Assignment 8 Commentaries and Mini-Project
Alien Reading: Text Mining, Language Standardization, and the Humanities
This article takes a proceed with caution approach to using text mining software in the humanities. It points out that these softwares are a best fit model that was trained to scientific and news focused texts and fails on humanistic test data. Binder notes that many ignore the fact that these text mining tools can’t be separated from the circumstances of their creation when they are applied to non-standardized works. For example, when a software looks for topics and associates texts with topics, it ignores nuances associated with creative writing. These bag-of-words type assumptions, which ignore syntax, ignore the human aspect of writing and limit interpretability of humanities texts that prioritize aesthetics over pure information. I thought the conversation about how these models need to avoid overfitting but have accurate results was interesting given that there isn’t any ideal way to interpret certain works. Clearly the critical approach described is necessary, but I wonder if there are any other types of statistical method that would work other than this (seemingly) tree based model.

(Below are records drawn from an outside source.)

lemma eventually_in_openin:
  assumes u: "\<forall>k. u k \<in> V \<and> weakly_rationalizes (pref_of (u k)) B c k"
    and S: "openin cc_topology S" "{v\<in>V. rationalizes_all B c v} \<subseteq> S"
  shows "\<forall>\<^sub>F k in sequentially. u k \<in> S"
proof -
  have "\<exists>N i. openin cc_topology N \<and> v \<in> N \<and>
      (\<forall>w\<in>N. \<forall>k>i. \<not> weakly_rationalizes (pref_of w) B c k)" if "v \<in> V - S" for v
  proof -
    have "continuous_on UNIV v" "\<not> rationalizes_all B c v" using that S(2) V_continuous by auto
    then obtain N i where "openin cc_topology N" "v \<in> N"
      "\<forall>w\<in>N. \<forall>k>i. \<not> weakly_rationalizes (pref_of w) B c k"
      by (rule refuting_nbhd[OF choice_seq_c])
    then show ?thesis by blast
  qed
  then obtain N I where N_open: "\<And>v. v \<in> V - S \<Longrightarrow> openin cc_topology (N v)"
    and N_mem: "\<And>v. v \<in> V - S \<Longrightarrow> v \<in> N v"
    and N_refutes: "\<And>v. v \<in> V - S \<Longrightarrow>
      \<forall>w\<in>N v. \<forall>k>I v. \<not> weakly_rationalizes (pref_of w) B c k"
    by metis
  have "openin cc_topology U" if "U \<in> insert S (N ` (V - S))" for U
    using that S(1) N_open by blast
  moreover have "V \<subseteq> \<Union>(insert S (N ` (V - S)))" using N_mem by blast
  ultimately have "\<exists>F. finite F \<and> F \<subseteq> insert S (N ` (V - S)) \<and> V \<subseteq> \<Union>F"
    by (rule compactinD[OF V_compact])
  then obtain F where F: "finite F" "F \<subseteq> insert S (N ` (V - S))" "V \<subseteq> \<Union>F"
    by blast
  then obtain G where G: "G \<subseteq> V - S" "finite G" "F - {S} = N ` G"
    using finite_subset_image[of "F - {S}" N "V - S"] by blast
  have "\<forall>\<^sub>F k in sequentially. \<forall>v\<in>G. I v < k"
    by (simp add: eventually_ball_finite_distrib[OF G(2)])
  then show ?thesis
  proof (rule eventually_mono)
    fix k assume k: "\<forall>v\<in>G. I v < k"
    have "u k \<notin> N v" if "v \<in> G" for v
      using N_refutes[of v] that G(1) k u by blast
    then have "u k \<notin> \<Union>(F - {S})" using G(3) by auto
    then show "u k \<in> S" using u F(3) by blast
  qed
qed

Text as Data: A Modest Proposal, JSTOR TopicGraph
I tried out the TopicGraph for the mini project and decided to analyze A Modest Proposal by Jonathan Swift because I was interested in how the tool would work with a piece of satire, especially given its goals of enabling you to quickly understand the topics covering in texts
The tool is straightforward, allowing users to either choose from a selection of documents or upload a pdf version of their own. After uploading, it pretty quickly sends an email notifying you that the document is ready. You’re linked to an easy to read and well-structured website which lists phrases that occurred most frequently. It also allows you to go to individual pages, which I found particularly useful.
Some of the words/word strings it picked up were “Irish Nationalism” “Meats” “Christian History” and “Body Fat” which are definitely relevant but on their own don’t contribute much to understanding the text itself.
Ultimately, this tool isn’t one that can be used for a deep and involved analysis of a text, since it misses important contextual clues and priorities word count instead. That being said, it is a nice way to get a vague idea of what is going on in the text, and how the author is trying to get their point across.